Haiti, writes Brooks, “is not a natural disaster story. This is a poverty story.”1 “By some estimates, Haiti has more nongovernmental organizations per capita than any other place on earth. They are doing the Lord’s work, especially these days, but even a blizzard of these efforts does not seem to add up to comprehensive change.”

Like most of the world’s poorest nations, Haiti suffers from a complex web of progress-resistant cultural influences. There is the influence of the voodoo religion, which spreads the message that life is capricious and planning futile. There are high levels of social mistrust and personal responsibility is often not assumed. Few if any of these cultural attitudes have been altered by the efforts of the modern American church.

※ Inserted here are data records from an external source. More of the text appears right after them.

(* Let $\rho_\lozenge=\rho(1/2,\sqrt{15}/2)$ be the planar unit rhombus with diagonals $1/2$ and $\sqrt{15}/2$, and let $2\rho_\lozenge$ be its dilation by factor $2$ (a planar rhombus with side length $2$ and diagonals $1$ and $\sqrt{15}$, regarded as a closed polygon with $8$ unit edges). If $2\rho_\lozenge$ cannot be domed, then the isosceles triangle with side lengths $(2,2,1)$ cannot be domed and $\rho_\lozenge$ cannot be domed.
   Context: A unit rhombus $\rho(a,b)$ is a closed polygon $[v_1v_2v_3v_4]$ in $\mathbb{R}^3$ with four sides of length $1$ and $|v_1v_3|=a$, $|v_2v_4|=b$. Polygons with integer side lengths are regarded as polygons with unit edges by subdividing each side into unit segments. A closed polygon with unit edges can be domed if there is a finite connected 2-dimensional simplicial complex which is a compact surface with a single boundary cycle, with a map to $\mathbb{R}^3$ linear on simplices sending each triangle to a unit equilateral triangle and the boundary cycle onto the polygon vertex by vertex in cyclic order. *)

theory Defs
  imports "HOL-Analysis.Analysis"
begin

text \<open>A finite 2-dimensional simplicial complex is given by its set of triangles,
  each a 3-element set of (abstract) vertices; vertices are labelled by naturals.\<close>

definition cedges :: "nat set set \<Rightarrow> nat set set" where
  "cedges K = {e. \<exists>T\<in>K. e \<subseteq> T \<and> card e = 2}"

definition edge_degree :: "nat set set \<Rightarrow> nat set \<Rightarrow> nat" where
  "edge_degree K e = card {T\<in>K. e \<subseteq> T}"

definition boundary_edges :: "nat set set \<Rightarrow> nat set set" where
  "boundary_edges K = {e\<in>cedges K. edge_degree K e = 1}"

definition link_verts :: "nat set set \<Rightarrow> nat \<Rightarrow> nat set" where
  "link_verts K v = {a. {v, a} \<in> cedges K}"

definition link_adj :: "nat set set \<Rightarrow> nat \<Rightarrow> nat \<Rightarrow> nat \<Rightarrow> bool" where
  "link_adj K v a b \<longleftrightarrow> {v, a, b} \<in> K \<and> a \<noteq> b \<and> a \<noteq> v \<and> b \<noteq> v"

text \<open>Compact connected combinatorial surface (possibly with boundary):
  pure 2-dimensional finite complex, every edge lies in one or two triangles,
  the link of every vertex is connected (hence a path or a cycle), and the
  complex is connected.\<close>
definition surface_complex :: "nat set set \<Rightarrow> bool" where
  "surface_complex K \<longleftrightarrow>
     finite K \<and> K \<noteq> {} \<and> (\<forall>T\<in>K. card T = 3) \<and>
     (\<forall>e\<in>cedges K. edge_degree K e \<le> 2) \<and>
     (\<forall>v\<in>\<Union>K. \<forall>a\<in>link_verts K v. \<forall>b\<in>link_verts K v. (link_adj K v)\<^sup>*\<^sup>* a b) \<and>
     (\<forall>u\<in>\<Union>K. \<forall>w\<in>\<Union>K. (\<lambda>x y. {x, y} \<in> cedges K)\<^sup>*\<^sup>* u w)"

text \<open>A closed polygon with unit edges, given as the cyclic list of its vertices
  P!0, ..., P!(n-1), can be domed.\<close>
definition can_be_domed :: "(real^3) list \<Rightarrow> bool" where
  "can_be_domed P \<longleftrightarrow>
     (\<exists>K (f :: nat \<Rightarrow> real^3) (w :: nat list).
        surface_complex K \<and>
        length w = length P \<and> distinct w \<and> set w \<subseteq> \<Union>K \<and>
        boundary_edges K = {{w ! i, w ! ((i + 1) mod length w)} | i. i < length w} \<and>
        (\<forall>T\<in>K. \<forall>a\<in>T. \<forall>b\<in>T. a \<noteq> b \<longrightarrow> dist (f a) (f b) = 1) \<and>
        (\<forall>i < length P. f (w ! i) = P ! i))"

definition rho_diamond :: "(real^3) list" where
  "rho_diamond = [vector [1/4, 0, 0], vector [0, sqrt 15 / 4, 0],
                  vector [-1/4, 0, 0], vector [0, - sqrt 15 / 4, 0]]"

definition two_rho_diamond :: "(real^3) list" where
  "two_rho_diamond = [vector [1/2, 0, 0], vector [1/4, sqrt 15 / 4, 0],
                      vector [0, sqrt 15 / 2, 0], vector [-1/4, sqrt 15 / 4, 0],
                      vector [-1/2, 0, 0], vector [-1/4, - sqrt 15 / 4, 0],
                      vector [0, - sqrt 15 / 2, 0], vector [1/4, - sqrt 15 / 4, 0]]"

text \<open>The isosceles triangle with side lengths (2,2,1), subdivided into 5 unit edges.\<close>
definition tri221 :: "(real^3) list" where
  "tri221 = [vector [-1/2, 0, 0], vector [1/2, 0, 0], vector [1/4, sqrt 15 / 4, 0],
             vector [0, sqrt 15 / 2, 0], vector [-1/4, sqrt 15 / 4, 0]]"

end

theory Submission
  imports Defs
begin

text \<open>Two domes whose boundary cycles run through a common arc can be glued along that arc,
  giving a dome over the cycle that goes around both. The only obstruction is that the two
  complexes might share more than the arc; but every shared edge is mapped to a unit segment
  between arc vertices, so if no two non-consecutive arc vertices are at unit distance the
  complexes meet exactly in the arc and their union is again a surface with one boundary cycle.
  The doubled rhombus is the union of the triangle (2,2,1) and its mirror image in the base,
  and also the union of four translates of the unit rhombus, glued along unit edges and finally
  along an arc of two edges whose endpoints are at distance 2. So a dome over the triangle or
  over the rhombus yields a dome over the doubled rhombus.\<close>

section \<open>Edges of paths and cycles\<close>

fun path_edges :: "'a list \<Rightarrow> 'a set set" where
  "path_edges (x # y # zs) = insert {x, y} (path_edges (y # zs))"
| "path_edges _ = {}"

definition cycle_edges :: "'a list \<Rightarrow> 'a set set" where
  "cycle_edges w = {{w ! i, w ! ((i + 1) mod length w)} | i. i < length w}"

lemma path_edges_Cons:
  "path_edges (x # xs) = (if xs = [] then {} else insert {x, hd xs} (path_edges xs))"
  by (cases xs) auto

lemma path_edges_conv_nth: "path_edges xs = {{xs ! i, xs ! Suc i} | i. Suc i < length xs}"
proof (induction xs rule: path_edges.induct)
  case (1 x y zs)
  let ?xs = "x # y # zs"
  have "{{?xs ! i, ?xs ! Suc i} | i. Suc i < length ?xs}
      = insert {x, y} {{(y # zs) ! i, (y # zs) ! Suc i} | i. Suc i < length (y # zs)}"
    (is "?L = ?R")
  proof
    show "?L \<subseteq> ?R"
    proof
      fix e assume "e \<in> ?L"
      then obtain i where e: "e = {?xs ! i, ?xs ! Suc i}" and i: "Suc i < length ?xs" by blast
      show "e \<in> ?R"
        using e i by (cases i) auto
    qed
    show "?R \<subseteq> ?L"
    proof
      fix e assume "e \<in> ?R"
      then consider "e = {x, y}" | i where "e = {?xs ! Suc i, ?xs ! Suc (Suc i)}" "Suc (Suc i) < length ?xs"
        by auto
      then show "e \<in> ?L"
        by cases (force, blast)
    qed
  qed
  then show ?case using 1 by simp
qed auto

lemma path_edges_append:
  "path_edges (xs @ ys) =
     path_edges xs \<union> path_edges ys \<union> (if xs = [] \<or> ys = [] then {} else {{last xs, hd ys}})"
  by (induction xs rule: path_edges.induct) (auto simp: path_edges_Cons)

lemma path_edges_map: "path_edges (map h xs) = (`) h ` path_edges xs"
  by (induction xs rule: path_edges.induct) auto

lemma path_edges_rev: "path_edges (rev xs) = path_edges xs"
  by (induction xs) (auto simp: path_edges_append path_edges_Cons last_rev insert_commute)

lemma path_edges_subset_set: "e \<in> path_edges xs \<Longrightarrow> e \<subseteq> set xs"
  by (induction xs rule: path_edges.induct) auto

lemma path_edges_nonempty: "e \<in> path_edges xs \<Longrightarrow> e \<noteq> {}"
  by (induction xs rule: path_edges.induct) auto

lemma path_edges_covers:
  assumes "2 \<le> length xs" and "v \<in> set xs"
  shows "\<exists>u. {v, u} \<in> path_edges xs"
proof -
  obtain i where i: "i < length xs" "v = xs ! i"
    using assms(2) by (auto simp: in_set_conv_nth)
  show ?thesis
  proof (cases "Suc i < length xs")
    case True
    then show ?thesis using i by (auto simp: path_edges_conv_nth)
  next
    case False
    then have "xs ! i = xs ! Suc (i - 1)" "Suc (i - 1) < length xs"
      using i assms(1) by auto
    then show ?thesis using i by (auto simp: path_edges_conv_nth insert_commute)
  qed
qed

lemma path_edges_triangle_free:
  assumes "distinct xs" and "{a, b} \<in> path_edges xs" "{b, c} \<in> path_edges xs" "{a, c} \<in> path_edges xs"
  shows "a = b \<or> b = c \<or> a = c"
proof -
  have adjacent:
    "\<exists>i j. i < length xs \<and> j < length xs \<and> p = xs ! i \<and> q = xs ! j \<and> (j = Suc i \<or> i = Suc j)"
    if "{p, q} \<in> path_edges xs" "p \<noteq> q" for p q
    using that by (auto simp: path_edges_conv_nth doubleton_eq_iff) (metis Suc_lessD)+
  show ?thesis
  proof (rule ccontr)
    assume "\<not> ?thesis"
    then obtain i j l where "i < length xs" "j < length xs" "l < length xs"
      "a = xs ! i" "b = xs ! j" "c = xs ! l"
      "j = Suc i \<or> i = Suc j" "l = Suc j \<or> j = Suc l" "l = Suc i \<or> i = Suc l"
      using adjacent[OF assms(2)] adjacent[OF assms(3)] adjacent[OF assms(4)] assms(1)
      by (metis nth_eq_iff_index_eq)
    then show False by presburger
  qed
qed

lemma cycle_edges_conv_path_edges:
  assumes "w \<noteq> []"
  shows "cycle_edges w = insert {last w, hd w} (path_edges w)"
proof
  have last: "last w = w ! (length w - 1)" and hd: "hd w = w ! ((length w - 1 + 1) mod length w)"
    using assms by (simp_all add: last_conv_nth hd_conv_nth)
  show "cycle_edges w \<subseteq> insert {last w, hd w} (path_edges w)"
  proof
    fix e assume "e \<in> cycle_edges w"
    then obtain i where e: "e = {w ! i, w ! ((i + 1) mod length w)}" and i: "i < length w"
      unfolding cycle_edges_def by blast
    show "e \<in> insert {last w, hd w} (path_edges w)"
    proof (cases "Suc i < length w")
      case True
      then show ?thesis using e by (auto simp: path_edges_conv_nth)
    next
      case False
      then have "i = length w - 1" using i by simp
      then show ?thesis using e last hd by simp
    qed
  qed
  show "insert {last w, hd w} (path_edges w) \<subseteq> cycle_edges w"
    using assms last hd unfolding cycle_edges_def path_edges_conv_nth
    by auto
qed

lemma cycle_edges_append:
  "xs \<noteq> [] \<Longrightarrow> ys \<noteq> [] \<Longrightarrow>
    cycle_edges (xs @ ys) = {{last ys, hd xs}, {last xs, hd ys}} \<union> path_edges xs \<union> path_edges ys"
  by (auto simp: cycle_edges_conv_path_edges path_edges_append)

lemma cycle_edges_rotate1: "cycle_edges (rotate1 w) = cycle_edges w"
proof (cases w)
  case (Cons x xs)
  then show ?thesis
    by (cases "xs = []") (auto simp: cycle_edges_conv_path_edges path_edges_append path_edges_Cons)
qed simp
(* Let $N\in\mathbb{N}$ and $\alpha,\beta>-1$, and let $z_1\le\dots\le z_N$ be the ordered zeros of the Jacobi polynomial $P_N^{(\alpha,\beta)}$. Define the $N\times N$ matrix $S=(s_{i,j})$ by $$s_{j,j}=\sum_{l=1,\,l\ne j}^N\frac{1}{(z_j-z_l)^2}+\frac{\alpha+1}{2}\frac{1}{(1-z_j)^2}+\frac{\beta+1}{2}\frac{1}{(1+z_j)^2},\qquad s_{i,j}=\frac{-1}{(z_i-z_j)^2}\ (i\ne j).$$ Then $$\det(S)=\frac{N!}{2^{3N}}\,\frac{\bigl((N+\alpha+\beta+1)_N\bigr)^3}{(\alpha+1)_N(\beta+1)_N}.$$
   Context: $P_N^{(\alpha,\beta)}$ denotes the classical Jacobi polynomial of degree $N$, orthogonal on $]-1,1[$ with respect to the weight $(1-x)^\alpha(1+x)^\beta$; its zeros are simple and lie in $]-1,1[$. $(x)_N:=x(x+1)\cdots(x+N-1)$ is the Pochhammer symbol. *)

theory Defs
  imports Complex_Main "Jordan_Normal_Form.Determinant"
begin

text \<open>Classical Jacobi polynomial P_N^(a,b)(x), via the standard hypergeometric
  representation
  P_N(x) = (a+1)_N / N! * sum_{k=0}^N (-N)_k (N+a+b+1)_k / ((a+1)_k k!) ((1-x)/2)^k.\<close>
definition jacobiP :: "nat \<Rightarrow> real \<Rightarrow> real \<Rightarrow> real \<Rightarrow> real" where
  "jacobiP N a b x =
     pochhammer (a + 1) N / fact N *
     (\<Sum>k=0..N. pochhammer (- real N) k * pochhammer (real N + a + b + 1) k
                 / (pochhammer (a + 1) k * fact k) * ((1 - x) / 2) ^ k)"

text \<open>The matrix S, indexed 0..N-1, built from zeros z 0 < ... < z (N-1).\<close>
definition S_matrix :: "nat \<Rightarrow> real \<Rightarrow> real \<Rightarrow> (nat \<Rightarrow> real) \<Rightarrow> real mat" where
  "S_matrix N a b z = mat N N (\<lambda>(i, j).
     if i = j then
       (\<Sum>l\<in>{0..<N} - {j}. 1 / (z j - z l)^2)
       + (a + 1) / 2 * (1 / (1 - z j)^2) + (b + 1) / 2 * (1 / (1 + z j)^2)
     else - 1 / (z i - z j)^2)"

end

theory Submission
  imports Defs "HOL-Computational_Algebra.Polynomial" "HOL-Computational_Algebra.Formal_Power_Series"
begin

text \<open>Let \<open>V = (z\<^sub>j\<^sup>k)\<close> be the Vandermonde matrix of the zeros and \<open>D = diag(1 - z\<^sub>j\<^sup>2)\<close>.
  At a zero \<open>z\<^sub>j\<close> the hypergeometric differential equation of \<open>P\<^sub>N\<close> gives the Stieltjes relation
  \<open>(1 - z\<^sub>j\<^sup>2) \<Sum>\<^sub>l\<^sub>\<noteq>\<^sub>j 1/(z\<^sub>j - z\<^sub>l) = (\<alpha> - \<beta> + (\<alpha> + \<beta> + 2) z\<^sub>j)/2\<close>.
  With it, applying \<open>S\<close> to the column \<open>((1 - z\<^sub>i\<^sup>2) z\<^sub>i\<^sup>k)\<^sub>i\<close> yields the values at the zeros of a
  polynomial of degree \<open>k\<close> with leading coefficient \<open>(k + 1)(2N + \<alpha> + \<beta> - k)/2\<close>, so
  \<open>S D V = V U\<close> with \<open>U\<close> upper triangular and
  \<open>det S \<Prod>\<^sub>j (1 - z\<^sub>j\<^sup>2) = N! (N + \<alpha> + \<beta> + 1)\<^sub>N / 2\<^sup>N\<close>.
  Finally, factoring \<open>P\<^sub>N\<close> over its zeros expresses \<open>\<Prod>\<^sub>j (1 - z\<^sub>j\<^sup>2)\<close> through \<open>P\<^sub>N(1)\<close>, \<open>P\<^sub>N(-1)\<close> and
  the leading coefficient of \<open>P\<^sub>N\<close>; \<open>P\<^sub>N(-1)\<close> is evaluated by the Chu--Vandermonde identity.\<close>

section \<open>Divided differences of powers\<close>

definition power_quot_poly :: "nat \<Rightarrow> 'a::comm_ring_1 \<Rightarrow> 'a poly" where
  "power_quot_poly m y = (\<Sum>i<m. monom (y ^ (m - Suc i)) i)"

fun power_rem_poly :: "nat \<Rightarrow> 'a::comm_ring_1 \<Rightarrow> 'a poly" where
  "power_rem_poly 0 y = 0"
| "power_rem_poly (Suc m) y = pCons 0 (power_rem_poly m y) + power_quot_poly m y"

lemma poly_power_quot_poly: "poly (power_quot_poly m y) x * (x - y) = x ^ m - y ^ m"
  unfolding power_quot_poly_def by (simp add: poly_sum poly_monom power_diff_sumr2 mult.commute)

lemma poly_power_quot_poly_diag: "poly (power_quot_poly m x) x = of_nat m * x ^ (m - 1)"
  unfolding power_quot_poly_def by (simp add: poly_sum poly_monom power_add[symmetric])

lemma coeff_power_quot_poly: "coeff (power_quot_poly m y) n = (if n < m then y ^ (m - Suc n) else 0)"
  unfolding power_quot_poly_def by (simp add: coeff_sum)

lemma power_diff_eq_power_rem_poly:
  "x ^ m - y ^ m = of_nat m * x ^ (m - 1) * (x - y) - poly (power_rem_poly m y) x * (x - y)\<^sup>2"
proof (induction m)
  case 0
  then show ?case by simp
next
  case (Suc m)
  have "x ^ Suc m - y ^ Suc m = x * (x ^ m - y ^ m) + (x ^ m - poly (power_quot_poly m y) x * (x - y)) * (x - y)"
    by (subst poly_power_quot_poly) (simp add: algebra_simps)
  also have "\<dots> = x * (of_nat m * x ^ (m - 1) * (x - y) - poly (power_rem_poly m y) x * (x - y)\<^sup>2)
      + (x ^ m - poly (power_quot_poly m y) x * (x - y)) * (x - y)"
    by (simp only: Suc.IH)
  also have "\<dots> = of_nat (Suc m) * x ^ m * (x - y) - poly (power_rem_poly (Suc m) y) x * (x - y)\<^sup>2"
    by (cases m) (simp_all add: algebra_simps power2_eq_square)
  finally show ?case by simp
qed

Since Haiti’s founding in 1804, most Western missionaries have brought a “two-chapter” gospel focusing on saving souls while largely ignoring culture. (The same could be said for Africa and Asia.) More recently, faith-based organizations have jettisoned this truncated gospel for: “God loves you—do social justice.” The focus is on the poor and a bottom-up changing of culture. We have ricocheted from an individualized gospel of personal salvation to an individualized gospel of social justice. “Worthy as these projects may be,” Notre Dame sociologist Christian Smith says, “none of them attempt to transform social or cultural systems, but merely to alleviate some of the harm caused by the existing system.”2 Haiti remains “a story about poorly constructed buildings, bad infrastructure and terrible public services,” Brooks concludes. It doesn’t have to.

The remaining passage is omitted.